Saved entries
★ ★ ★
(* Let $G$ be a hyperbolic group and $\partial_\infty G$ its boundary at infinity, equipped with any visual metric $d$. Then $(\partial_\infty G,d)$ admits a finite expanding cover: there are finitely many open sets $U_1,\dots,U_N$ covering $\partial_\infty G$, maps $f_i:U_i\to\partial_\infty G$ and constants $L_i>1$ such that $d(f_i(x),f_i(y))\ge L_i\,d(x,y)$ for all $x,y\in U_i$.
   Context: A finitely generated group $G$ is hyperbolic if its Cayley graph $\Gamma(G,S)$ for some finite symmetric generating set $S$ (with path metric) is $\delta$-hyperbolic for some $\delta\ge0$. $\partial_\infty G=\partial_\infty\Gamma(G,S)$ is the Gromov boundary (equivalence classes of geodesic rays from a base point, rays equivalent when at finite Hausdorff distance), with its natural topology; Gromov product $(x,y)_o=\frac12(d(x,o)+d(y,o)-d(x,y))$, extended to the boundary by $(x,y)_o=\sup\liminf_{i,j}(x_i,y_j)_o$ over sequences representing $x,y$. A metric $d$ on $\partial_\infty G$ is visual (with base point $o$ and parameter $a>1$) if it induces the natural topology and $C_1a^{-(x,y)_o}\le d(x,y)\le C_2a^{-(x,y)_o}$ for some $C_1,C_2>0$ and all distinct $x,y$. *)

theory Defs
  imports "HOL-Algebra.Generated_Groups" "HOL-Analysis.Abstract_Metric_Spaces"
    "HOL-Library.Extended_Real"
begin

definition fin_sym_gen :: "('a, 'b) monoid_scheme \<Rightarrow> 'a set \<Rightarrow> bool" where
  "fin_sym_gen G S \<longleftrightarrow> finite S \<and> S \<subseteq> carrier G \<and> (\<forall>s\<in>S. inv\<^bsub>G\<^esub> s \<in> S)
     \<and> generate G S = carrier G"

definition word_prod :: "('a, 'b) monoid_scheme \<Rightarrow> 'a list \<Rightarrow> 'a" where
  "word_prod G ws = foldr (\<lambda>s acc. s \<otimes>\<^bsub>G\<^esub> acc) ws \<one>\<^bsub>G\<^esub>"

text \<open>Path metric of the Cayley graph Gamma(G,S) restricted to vertices (word metric).\<close>
definition wdist :: "('a, 'b) monoid_scheme \<Rightarrow> 'a set \<Rightarrow> 'a \<Rightarrow> 'a \<Rightarrow> real" where
  "wdist G S g h = real (LEAST n. \<exists>ws. length ws = n \<and> set ws \<subseteq> S \<and> h = g \<otimes>\<^bsub>G\<^esub> word_prod G ws)"

definition gprod :: "('a, 'b) monoid_scheme \<Rightarrow> 'a set \<Rightarrow> 'a \<Rightarrow> 'a \<Rightarrow> 'a \<Rightarrow> real" where
  "gprod G S p x y = (wdist G S x p + wdist G S y p - wdist G S x y) / 2"

text \<open>Gamma(G,S) is delta-hyperbolic for some delta (Gromov four-point condition on vertices).\<close>
definition cayley_hyperbolic :: "('a, 'b) monoid_scheme \<Rightarrow> 'a set \<Rightarrow> bool" where
  "cayley_hyperbolic G S \<longleftrightarrow> (\<exists>\<delta>::real. \<delta> \<ge> 0 \<and>
     (\<forall>w\<in>carrier G. \<forall>x\<in>carrier G. \<forall>y\<in>carrier G. \<forall>z\<in>carrier G.
        gprod G S w x z \<ge> min (gprod G S w x y) (gprod G S w y z) - \<delta>))"

text \<open>Geodesic rays in Gamma(G,S) from the base vertex 1 (they pass through vertices at integer times).\<close>
definition geod_ray :: "('a, 'b) monoid_scheme \<Rightarrow> 'a set \<Rightarrow> (nat \<Rightarrow> 'a) \<Rightarrow> bool" where
  "geod_ray G S \<gamma> \<longleftrightarrow> \<gamma> 0 = \<one>\<^bsub>G\<^esub> \<and> (\<forall>i. \<gamma> i \<in> carrier G) \<and>
     (\<forall>i j. wdist G S (\<gamma> i) (\<gamma> j) = \<bar>real i - real j\<bar>)"

definition ray_equiv :: "('a, 'b) monoid_scheme \<Rightarrow> 'a set \<Rightarrow> (nat \<Rightarrow> 'a) \<Rightarrow> (nat \<Rightarrow> 'a) \<Rightarrow> bool" where
  "ray_equiv G S \<gamma> \<eta> \<longleftrightarrow> (\<exists>K::real. (\<forall>i. \<exists>j. wdist G S (\<gamma> i) (\<eta> j) \<le> K)
                                   \<and> (\<forall>j. \<exists>i. wdist G S (\<gamma> i) (\<eta> j) \<le> K))"

definition gbdry :: "('a, 'b) monoid_scheme \<Rightarrow> 'a set \<Rightarrow> (nat \<Rightarrow> 'a) set set" where
  "gbdry G S = {{\<eta>. geod_ray G S \<eta> \<and> ray_equiv G S \<gamma> \<eta>} | \<gamma>. geod_ray G S \<gamma>}"

definition seq_to :: "('a, 'b) monoid_scheme \<Rightarrow> 'a set \<Rightarrow> (nat \<Rightarrow> 'a) \<Rightarrow> (nat \<Rightarrow> 'a) set \<Rightarrow> bool" where
  "seq_to G S x \<xi> \<longleftrightarrow> (\<forall>i. x i \<in> carrier G) \<and>
     (\<exists>\<gamma>\<in>\<xi>. \<forall>M::real. \<exists>N. \<forall>i\<ge>N. \<forall>j\<ge>N. gprod G S \<one>\<^bsub>G\<^esub> (x i) (\<gamma> j) \<ge> M)"

definition gprod_bd :: "('a, 'b) monoid_scheme \<Rightarrow> 'a set \<Rightarrow> 'a \<Rightarrow> (nat \<Rightarrow> 'a) set \<Rightarrow> (nat \<Rightarrow> 'a) set \<Rightarrow> ereal" where
  "gprod_bd G S p \<xi> \<eta> = (SUP xy \<in> {(x, y). seq_to G S x \<xi> \<and> seq_to G S y \<eta>}.
      (SUP N. INF i \<in> {N..}. INF j \<in> {N..}. ereal (gprod G S p (fst xy i) (snd xy j))))"

definition nat_topology :: "('a, 'b) monoid_scheme \<Rightarrow> 'a set \<Rightarrow> 'a \<Rightarrow> (nat \<Rightarrow> 'a) set topology" where
  "nat_topology G S p = topology (\<lambda>U. U \<subseteq> gbdry G S \<and>
     (\<forall>\<xi>\<in>U. \<exists>r::real. {\<eta> \<in> gbdry G S. ereal r < gprod_bd G S p \<xi> \<eta>} \<subseteq> U))"

definition visual_metric :: "('a, 'b) monoid_scheme \<Rightarrow> 'a set \<Rightarrow>
    ((nat \<Rightarrow> 'a) set \<Rightarrow> (nat \<Rightarrow> 'a) set \<Rightarrow> real) \<Rightarrow> bool" where
  "visual_metric G S d \<longleftrightarrow> Metric_space (gbdry G S) d \<and>
     (\<exists>p\<in>carrier G. \<exists>a::real. a > 1 \<and>
        Metric_space.mtopology (gbdry G S) d = nat_topology G S p \<and>
        (\<exists>C1 C2::real. C1 > 0 \<and> C2 > 0 \<and>
          (\<forall>x\<in>gbdry G S. \<forall>y\<in>gbdry G S. x \<noteq> y \<longrightarrow>
             C1 * a powr (- real_of_ereal (gprod_bd G S p x y)) \<le> d x y \<and>
             d x y \<le> C2 * a powr (- real_of_ereal (gprod_bd G S p x y)))))"

end

(*
  A point at infinity is represented by a geodesic ray from 1. For a boundary point xi0 and a
  time t let h be the vertex at time t on the ray of xi0; the map "shift t xi0" sends eta to the
  end of the translated ray k |-> h^-1 gamma_eta(t + k). If eta is close to xi0 in the visual
  metric, the rays of eta and xi0 are 4 delta-close at time t, so moving the base point of the
  Gromov product from h to 1 lowers the Gromov product of any two such points by t, up to an
  additive constant. A visual metric turns this into expansion by a factor of order a^t, which
  exceeds 2 for t large. Finitely many balls of the corresponding radius cover the boundary,
  since points whose rays pass through the same vertex at a large time n are close and there are
  only finitely many vertices at distance n from 1.
*)

theory Submission
  imports Defs
begin

lemma koenig_prefix_limit:
  fixes \<sigma> :: "nat \<Rightarrow> nat \<Rightarrow> 'a"
  assumes "\<And>i. finite (range (\<lambda>m. \<sigma> m i))"
  obtains \<gamma> where "\<And>k. infinite {m. \<forall>i<k. \<sigma> m i = \<gamma> i}"
proof -
  have refine: "\<exists>J. infinite J \<and> J \<subseteq> I \<and> (\<exists>v. \<forall>m\<in>J. \<sigma> m n = v)" if "infinite I" for I n
  proof -
    have "finite ((\<lambda>m. \<sigma> m n) ` I)"
      using assms[of n] by (rule finite_subset[rotated]) auto
    from pigeonhole_infinite[OF that this] obtain m0
      where "m0 \<in> I" "infinite {m \<in> I. \<sigma> m n = \<sigma> m0 n}"
      by blast
    then show ?thesis by (intro exI[of _ "{m \<in> I. \<sigma> m n = \<sigma> m0 n}"]) auto
  qed
  have "\<exists>I. \<forall>n. infinite (I n) \<and> I (Suc n) \<subseteq> I n \<and> (\<exists>v. \<forall>m\<in>I (Suc n). \<sigma> m n = v)"
    by (rule dependent_nat_choice[of "\<lambda>_ I. infinite I" "\<lambda>n I J. J \<subseteq> I \<and> (\<exists>v. \<forall>m\<in>J. \<sigma> m n = v)"])
      (use infinite_UNIV_nat refine in auto)
  then obtain I where I: "\<And>n. infinite (I n)" "\<And>n. I (Suc n) \<subseteq> I n"
    "\<And>n. \<exists>v. \<forall>m\<in>I (Suc n). \<sigma> m n = v"
    by blast
  define \<gamma> where "\<gamma> n = \<sigma> (SOME m. m \<in> I (Suc n)) n" for n
  have "I k \<subseteq> {m. \<forall>i<k. \<sigma> m i = \<gamma> i}" for k
  proof safe
    fix m i assume "m \<in> I k" "i < k"
    then have "m \<in> I (Suc i)"
      using lift_Suc_antimono_le[of I, OF I(2)] by (meson Suc_leI subsetD)
    moreover have "(SOME m. m \<in> I (Suc i)) \<in> I (Suc i)"
      using I(1)[of "Suc i"] by (metis finite.emptyI some_in_eq)
    moreover obtain v where "\<forall>m\<in>I (Suc i). \<sigma> m i = v"
      using I(3) by blast
    ultimately show "\<sigma> m i = \<gamma> i"
      unfolding \<gamma>_def by simp
  qed
  then have "infinite {m. \<forall>i<k. \<sigma> m i = \<gamma> i}" for k
    using I(1) by (rule infinite_super)
  then show ?thesis
    by (rule that)
qed

lemma SUP_INF_INF_ereal_le:
  fixes f :: "nat \<Rightarrow> nat \<Rightarrow> real"
  assumes "\<And>i j. N \<le> i \<Longrightarrow> N \<le> j \<Longrightarrow> f i j \<le> b"
  shows "(SUP N'. INF i\<in>{N'..}. INF j\<in>{N'..}. ereal (f i j)) \<le> ereal b"
proof (rule SUP_least)
  fix N' :: nat
  have "(INF i\<in>{N'..}. INF j\<in>{N'..}. ereal (f i j)) \<le> (INF j\<in>{N'..}. ereal (f (max N N') j))"
    by (rule INF_lower) simp
  also have "\<dots> \<le> ereal (f (max N N') (max N N'))"
    by (rule INF_lower) simp
  also have "\<dots> \<le> ereal b"
    using assms by simp
  finally show "(INF i\<in>{N'..}. INF j\<in>{N'..}. ereal (f i j)) \<le> ereal b" .
qed

lemma powr_gap_mult_le:
  fixes a C1 C2 L s u v :: real
  assumes "a > 1" "C1 > 0" "L * C2 / C1 \<le> a powr s" "s \<le> v - u"
  shows "L * C2 * a powr (- v) \<le> C1 * a powr (- u)"
proof -
  have "L * C2 \<le> C1 * a powr s"
    using assms(2,3) by (simp add: pos_divide_le_eq mult.commute)
  also have "\<dots> \<le> C1 * a powr (v - u)"
    using assms by (intro mult_left_mono powr_mono) auto
  finally have "L * C2 * a powr (- v) \<le> C1 * a powr (v - u) * a powr (- v)"
    by (rule mult_right_mono) simp
  also have "\<dots> = C1 * a powr (- u)"
    by (simp add: mult.assoc powr_add[symmetric])
  finally show ?thesis .
qed

lemma ex_nat_le_powr_minus:
  fixes a B K :: real
  assumes "a > 1"
  obtains t :: nat where "B \<le> a powr (t - K)"
proof -
  obtain t :: nat where "B * a powr K < a ^ t"
    using real_arch_pow[OF assms] by blast
  moreover have "a powr K > 0"
    using assms by simp
  ultimately have "B \<le> a ^ t / a powr K"
    by (simp add: pos_le_divide_eq)
  also have "a ^ t / a powr K = a powr (t - K)"
    using assms by (simp add: powr_diff powr_realpow)
  finally show ?thesis
    by (rule that)
qed

subsection \<open>Words and the word metric\<close>

definition wdist_nat :: "('a, 'b) monoid_scheme \<Rightarrow> 'a set \<Rightarrow> 'a \<Rightarrow> 'a \<Rightarrow> nat" where
  "wdist_nat G S g h =
     (LEAST n. \<exists>ws. length ws = n \<and> set ws \<subseteq> S \<and> h = g \<otimes>\<^bsub>G\<^esub> word_prod G ws)"

lemma wdist_eq_wdist_nat: "wdist G S g h = real (wdist_nat G S g h)"
  by (simp add: wdist_def wdist_nat_def)

locale cayley_graph = group + fixes S :: "'a set"
  assumes fin_sym_gen: "fin_sym_gen G S"
begin

lemma gens_closed: "S \<subseteq> carrier G"
  and finite_gens: "finite S"
  and gens_inv_closed: "s \<in> S \<Longrightarrow> inv s \<in> S"
  and generate_gens: "generate G S = carrier G"
  using fin_sym_gen by (auto simp: fin_sym_gen_def)

lemma word_prod_Nil [simp]: "word_prod G [] = \<one>"
  by (simp add: word_prod_def)

lemma word_prod_Cons [simp]: "word_prod G (s # ws) = s \<otimes> word_prod G ws"
  by (simp add: word_prod_def)

lemma word_prod_closed [simp]: "set ws \<subseteq> S \<Longrightarrow> word_prod G ws \<in> carrier G"
  by (induction ws) (use gens_closed in auto)

lemma word_prod_append:
  "set ws \<subseteq> S \<Longrightarrow> set vs \<subseteq> S \<Longrightarrow> word_prod G (ws @ vs) = word_prod G ws \<otimes> word_prod G vs"
  by (induction ws) (use gens_closed in \<open>auto simp: m_assoc\<close>)

lemma word_prod_rev_inv:
  assumes "set ws \<subseteq> S"
  shows "word_prod G (rev (map (\<lambda>s. inv s) ws)) = inv (word_prod G ws)"
  using assms
proof (induction ws)
  case (Cons s ws)
  then have s: "s \<in> S" and ws: "set ws \<subseteq> S" by auto
  have "set (rev (map (\<lambda>s. inv s) ws)) \<subseteq> S"
    using ws gens_inv_closed by auto
  then have "word_prod G (rev (map (\<lambda>s. inv s) (s # ws))) =
      word_prod G (rev (map (\<lambda>s. inv s) ws)) \<otimes> inv s"
    using word_prod_append[of _ "[inv s]"] gens_inv_closed[OF s] gens_closed s by auto
  also have "\<dots> = inv (s \<otimes> word_prod G ws)"
    using Cons s ws gens_closed by (auto simp: inv_mult_group)
  finally show ?case by simp
qed simp

lemma generate_word_prod: "h \<in> generate G S \<Longrightarrow> \<exists>ws. set ws \<subseteq> S \<and> h = word_prod G ws"
proof (induction rule: generate.induct)
  case one
  show ?case by (intro exI[of _ "[]"]) simp
next
  case (incl h)
  then show ?case using gens_closed by (intro exI[of _ "[h]"]) auto
next
  case (inv h)
  then show ?case using gens_closed gens_inv_closed by (intro exI[of _ "[inv h]"]) auto
next
  case (eng h1 h2)
  then obtain w1 w2 where "set w1 \<subseteq> S" "h1 = word_prod G w1" "set w2 \<subseteq> S" "h2 = word_prod G w2"
    by blast
  then show ?case by (intro exI[of _ "w1 @ w2"]) (simp add: word_prod_append)
qed

lemma ex_word_between:
  assumes "x \<in> carrier G" "y \<in> carrier G"
  shows "\<exists>ws. set ws \<subseteq> S \<and> y = x \<otimes> word_prod G ws"
proof -
  obtain ws where ws: "set ws \<subseteq> S" "inv x \<otimes> y = word_prod G ws"
    using generate_word_prod[of "inv x \<otimes> y"] generate_gens assms by auto
  have "y = x \<otimes> (inv x \<otimes> y)"
    using assms by (simp add: m_assoc[symmetric])
  with ws show ?thesis by auto
qed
★ ★ ★
* TRY IT: Where does "fixes" appear in the records above? Copy each line that holds it.

* TASK RESPONSE:
  fixes \<sigma> :: "nat \<Rightarrow> nat \<Rightarrow> 'a"
  fixes f :: "nat \<Rightarrow> nat \<Rightarrow> real"
  fixes a C1 C2 L s u v :: real
  fixes a B K :: real
locale cayley_graph = group + fixes S :: "'a set"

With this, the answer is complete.